> [ENTRIES SUPPLIED]
________________________________________
(* Let $B$ be a board with set of sinks $S$ and let $k\ge 1$. If the extended full tilt graph $\hat G_F(B^{(k)})$ of the $k$-scaled board (with sinks the sub-pixels of sinks of $S$) contains an arborescence of weight $w$ converging to its root, then the extended full tilt graph $\hat G_F(B)$ (with sinks $S$) contains an arborescence of weight at most $w$ converging to its root.
   Context: Pixels are unit squares indexed by $\mathbb{Z}^2$. A board $B=(V,E)$ is a finite subgraph of the square grid graph on $\mathbb{Z}^2$. For a pixel $p$, its row (column) segment is the maximal set of pixels reachable from $p$ using only horizontal (vertical) edges; $p^\ell,p^r$ are the leftmost/rightmost pixels of its row segment and $p^u,p^d$ the topmost/bottommost pixels of its column segment. The full tilt graph of a board has its pixels as vertices and edges $(p,p^x)$ for $x\in\{\ell,r,u,d\}$, $p^x\ne p$. The $k$-scaled board $B^{(k)}$ replaces each pixel $(i,j)\in V$ by the $k\times k$ sub-pixels $(ki+a,kj+b)$, $0\le a,b<k$, with adjacent sub-pixels of the same pixel joined by edges and adjacent sub-pixels of different pixels $p,p'$ joined iff $\{p,p'\}\in E$; its sinks are all sub-pixels of sinks of $B$. Extended graph: for a directed graph $G$ with sinks $S$, $\hat G$ has vertex set $V(G)\cup\{r\}$ with new root $r$ and edges: every edge of $G$ with weight $0$; for every edge $(p,q)$ of $G$ with $(q,p)$ not an edge of $G$, the inverse edge $(q,p)$ with weight $1$; and $(s,r)$ with weight $0$ for $s\in S$. An arborescence converging to $r$ is a spanning subgraph in which every vertex other than $r$ has exactly one outgoing edge and a directed path to $r$; its weight is the sum of its edge weights. *)

theory Defs
  imports Main
begin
________________________________________
> [ABOUT THIS TASK] What lines above contain the string "graph"? Copy all of them.

> [SOLUTION BELOW]
(* Let $B$ be a board with set of sinks $S$ and let $k\ge 1$. If the extended full tilt graph $\hat G_F(B^{(k)})$ of the $k$-scaled board (with sinks the sub-pixels of sinks of $S$) contains an arborescence of weight $w$ converging to its root, then the extended full tilt graph $\hat G_F(B)$ (with sinks $S$) contains an arborescence of weight at most $w$ converging to its root.
   Context: Pixels are unit squares indexed by $\mathbb{Z}^2$. A board $B=(V,E)$ is a finite subgraph of the square grid graph on $\mathbb{Z}^2$. For a pixel $p$, its row (column) segment is the maximal set of pixels reachable from $p$ using only horizontal (vertical) edges; $p^\ell,p^r$ are the leftmost/rightmost pixels of its row segment and $p^u,p^d$ the topmost/bottommost pixels of its column segment. The full tilt graph of a board has its pixels as vertices and edges $(p,p^x)$ for $x\in\{\ell,r,u,d\}$, $p^x\ne p$. The $k$-scaled board $B^{(k)}$ replaces each pixel $(i,j)\in V$ by the $k\times k$ sub-pixels $(ki+a,kj+b)$, $0\le a,b<k$, with adjacent sub-pixels of the same pixel joined by edges and adjacent sub-pixels of different pixels $p,p'$ joined iff $\{p,p'\}\in E$; its sinks are all sub-pixels of sinks of $B$. Extended graph: for a directed graph $G$ with sinks $S$, $\hat G$ has vertex set $V(G)\cup\{r\}$ with new root $r$ and edges: every edge of $G$ with weight $0$; for every edge $(p,q)$ of $G$ with $(q,p)$ not an edge of $G$, the inverse edge $(q,p)$ with weight $1$; and $(s,r)$ with weight $0$ for $s\in S$. An arborescence converging to $r$ is a spanning subgraph in which every vertex other than $r$ has exactly one outgoing edge and a directed path to $r$; its weight is the sum of its edge weights. *)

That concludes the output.